# Introduction

I have been working over the last couple of months to train an LLM on health and safety data. After fine-tuning, the model has been deployed to production and is being exposed to a front-end application through an API. I unfortunaly have neglacted to document the process of research and development and this repo will serve as a retrospective peice on my work. I will share the code to train the model and insights I learned along the way. Unfortunatly, since it is company IP, I cannot share the data or model itself, only my process for developing it.


# Background and Motivation

On construction sites, we have many hazards that pose health and safety threats to our workers or members of the public. To capture these hazards, our site workers use an app to log when they see an issue. These observations are in free text form, such as: "Cables left laying on walkway", "Oil spill on pathway", "Cement truck parked in wrong place" etc. !here are over 1_000_000 of these records in the observations table. 

When entering an observation, the user is given the option to enter a category. This is used by the Health and Saftey Team: to triage and action the hazard, to decide which team to send it to, whether to notify someone immediately, etc. For example, "Cables left laying on walkway" would probably be given the category "Slips/Trips". 

Most of the time the appropriate category is set in the data but around 18% of the time the category is empty and sometimes when it is set it isn't set to a value that matches the input text. This is where Machine Learning and LLMs can come in. With over 1 million records in the dataset we can use some filtering to pull out a subset of labelled records with good observations and fine-tune a model to learn which category is most likely set when certain words and combinations of words are present. We can then use this to predict/suggest a category and improve the process of submitting an observation as well as triaging and actioning.

# Part 1: Data Cleansing

To start, we can load the data into a Dataframe in the notebook. 

In [None]:
import pandas as pd
import numpy as np

# Setting to fix bug later on in model.
pd.options.mode.chained_assignment = None

observations = pd.read_csv("observations-data.csv")
display(observations)

There are two key fields to pick out from the data. The one with the free text input, and the one with the category. The plan is to infer category2 to predict whatdidyousee.

In [None]:
# Category2 as a Category1 is always "Hazard" due to the way the app stores the data.
labelled = observations[["whatdidyousee"], ["category2"]]

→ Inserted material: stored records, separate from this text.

theorem theorem5:
  fixes x :: "nat \<Rightarrow> real"
  assumes pos: "\<forall>n\<ge>1. x n > 0"
    and growth: "\<forall>\<epsilon>::real. \<epsilon> > 0 \<longrightarrow>
        (\<forall>\<^sub>F n in sequentially. x (n + 1) > (1 + 1 / real n powr \<epsilon>) * x n)"
  shows "AE \<alpha> in lborel. \<exists>f :: nat \<Rightarrow> real. (f \<longlonglongrightarrow> 0) \<and>
           (\<forall>\<^sub>F N in sequentially. delta_min \<alpha> x N < real N powr (- (2 - f N)))"
proof -
  have "AE \<alpha> in lborel. \<forall>\<^sub>F N in sequentially.
      delta_min \<alpha> x N < real N powr (- (2 - 1 / (real k + 2)))" for k :: nat
  proof -
    define \<epsilon> where "\<epsilon> = 1 / (real k + 2)"
    have \<epsilon>: "0 < \<epsilon>" "\<epsilon> < 1" by (auto simp: \<epsilon>_def)
    have "AE \<alpha> in lborel. \<forall>\<^sub>F N in sequentially. \<alpha> \<notin> well_spaced x N (real N powr (\<epsilon> - 2))"
      using pos growth \<epsilon> by (intro AE_eventually_not_well_spaced) auto
    then show ?thesis
      by (rule eventually_mono) (auto elim!: eventually_mono dest: delta_min_less_if_not_well_spaced simp: \<epsilon>_def)
  qed
  then have "AE \<alpha> in lborel. \<forall>k::nat. \<forall>\<^sub>F N in sequentially.
      delta_min \<alpha> x N < real N powr (- (2 - 1 / (real k + 2)))"
    unfolding AE_all_countable ..
  then show ?thesis
    by (rule eventually_mono) (rule vanishing_exponent_from_countably_many, blast)
qed

end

This is a supervised learning model so we need to remove the null categories. This will give us a fully labelled Dataframe.

In [None]:
labelled = labelled.loc[labelled["category2"].notnull()]

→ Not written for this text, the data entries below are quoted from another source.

lemma saturation_round_invariant:
  assumes "\<forall>y\<in>set (list_decode R). Inv y"
    and "\<And>t w. t \<in> set (list_decode D2) \<Longrightarrow> Inv (npair (edge_source d t) w)
           \<Longrightarrow> Inv (npair (edge_target d t) (mult_pair w (nfst (nsnd t))))"
  shows "\<forall>y\<in>set (list_decode (saturation_round d D2 R)). Inv y"
proof -
  have "\<forall>y\<in>set (list_decode (foldl (\<lambda>acc t. extend_step d t acc) R ts)). Inv y"
    if "set ts \<subseteq> set (list_decode D2)" "\<forall>y\<in>set (list_decode R). Inv y" for ts R
    using that
  proof (induct ts arbitrary: R)
    case (Cons t ts)
    have "\<forall>y\<in>set (list_decode (extend_step d t R)). Inv y"
    proof (cases "lookup_code (edge_source d t) R \<noteq> 0 \<and> lookup_code (edge_target d t) R = 0")
      case True
      then obtain w where w: "lookup_code (edge_source d t) R = Suc w"
        by (cases "lookup_code (edge_source d t) R") auto
      then obtain y where "y \<in> set (list_decode R)" "nfst y = edge_source d t" "nsnd y = w"
        using lookup_code_SucD by blast
      moreover have "npair (nfst y) (nsnd y) = y" by simp
      ultimately have "Inv (npair (edge_source d t) w)" using Cons.prems(2) by metis
      then have "Inv (npair (edge_target d t) (mult_pair w (nfst (nsnd t))))"
        using assms(2) Cons.prems(1) by simp
      then show ?thesis using True w Cons.prems(2) unfolding extend_step_def by simp
    next
      case False
      then show ?thesis using Cons.prems(2) unfolding extend_step_def by auto
    qed
    then show ?case using Cons by simp
  qed simp
  then show ?thesis using assms(1) unfolding saturation_round_def by blast
qed

lemma saturate_funpow: "saturate d D2 R0 N = (saturation_round d D2 ^^ N) R0"
  unfolding saturate_def by (rule rec_nat_funpow)

lemma saturate_invariant:
  assumes "\<forall>y\<in>set (list_decode R0). Inv y"
    and "\<And>t w. t \<in> set (list_decode D2) \<Longrightarrow> Inv (npair (edge_source d t) w)
           \<Longrightarrow> Inv (npair (edge_target d t) (mult_pair w (nfst (nsnd t))))"
  shows "\<forall>y\<in>set (list_decode (saturate d D2 R0 N)). Inv y"
  unfolding saturate_funpow
proof (induct N)
  case (Suc N)
  have "\<forall>y\<in>set (list_decode (saturation_round d D2 ((saturation_round d D2 ^^ N) R0))). Inv y"
    by (rule saturation_round_invariant) (use Suc assms(2) in auto)
  then show ?case by simp
qed (simp add: assms(1))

# Cleaning up labelled Dataset.
labelled["category"] = labelled["category2"].str.strip()
labelled = labelled.reset_index(drop=True)

display(labelled.head())

To train our model we will need to have a sorted list of possible category options that we can later convert to a Tensor so our model can perform computations on it. Let's begin by getting a unique list and sorting it.

In [None]:
category_list = [cat for cat in labelled["category"].unique()]
category_list.sort()
print(category_list)

Let's graph the category distribution.

In [None]:
labelled["category"].value_counts()[category_list].plot(kind="bar")

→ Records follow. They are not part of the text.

(* Let $d_n$ denote the number of derangements of $n$ elements (permutations of $\{1,\dots,n\}$ with no fixed points). Then the sequence $\{d_n\}_{n\ge 3}$ is asymptotically infinitely log-monotonic: for every integer $k\ge 0$ there exists $N\ge 3$ such that $\{d_n\}_{n\ge N}$ is log-monotonic of order $k$.
   Context: For a sequence $\{z_n\}$ of positive numbers, define the operator $R\{z_n\}=\{z_{n+1}/z_n\}$. A sequence of positive numbers $\{x_n\}$ is log-convex if $x_{n-1}x_{n+1}\ge x_n^2$ and log-concave if $x_{n-1}x_{n+1}\le x_n^2$, for all indices where these terms are defined. A sequence $\{z_n\}$ is log-monotonic of order $k$ if for every odd $r\le k-1$ the sequence $R^r\{z_n\}$ is log-concave and for every even $r\le k-1$ (including $r=0$) the sequence $R^r\{z_n\}$ is log-convex. *)

theory Defs
  imports "HOL-Combinatorics.Permutations" Complex_Main
begin

definition derangements_count :: "nat \<Rightarrow> nat" where
  "derangements_count n = card {p. p permutes {1..n} \<and> (\<forall>x\<in>{1..n}. p x \<noteq> x)}"

definition ratio_op :: "(nat \<Rightarrow> real) \<Rightarrow> nat \<Rightarrow> real" where
  "ratio_op z = (\<lambda>n. z (Suc n) / z n)"

definition log_convex_from :: "nat \<Rightarrow> (nat \<Rightarrow> real) \<Rightarrow> bool" where
  "log_convex_from N z \<longleftrightarrow> (\<forall>n\<ge>N. z n > 0) \<and> (\<forall>n\<ge>N. z n * z (n + 2) \<ge> (z (n + 1))\<^sup>2)"

definition log_concave_from :: "nat \<Rightarrow> (nat \<Rightarrow> real) \<Rightarrow> bool" where
  "log_concave_from N z \<longleftrightarrow> (\<forall>n\<ge>N. z n > 0) \<and> (\<forall>n\<ge>N. z n * z (n + 2) \<le> (z (n + 1))\<^sup>2)"

definition log_monotonic_from :: "nat \<Rightarrow> nat \<Rightarrow> (nat \<Rightarrow> real) \<Rightarrow> bool" where
  "log_monotonic_from k N z \<longleftrightarrow>
     (\<forall>r. r + 1 \<le> k \<longrightarrow>
        (odd r \<longrightarrow> log_concave_from N ((ratio_op ^^ r) z)) \<and>
        (even r \<longrightarrow> log_convex_from N ((ratio_op ^^ r) z)))"

end

theory Submission
  imports Defs
begin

If we are happy with that let's store the category labels for later use.

In [None]:
import json
with open("observation_categories.json", "w") as f:
    json.dump({"categories": category_list})

Before we begin any training or data manipulation let's create an untouched cut of the data to do testing on later. This is important as we will run over multiple epochs when traingin and there will be some bias towards the validation set as the model will adjust it's predictions to reduce the loss on that dataset.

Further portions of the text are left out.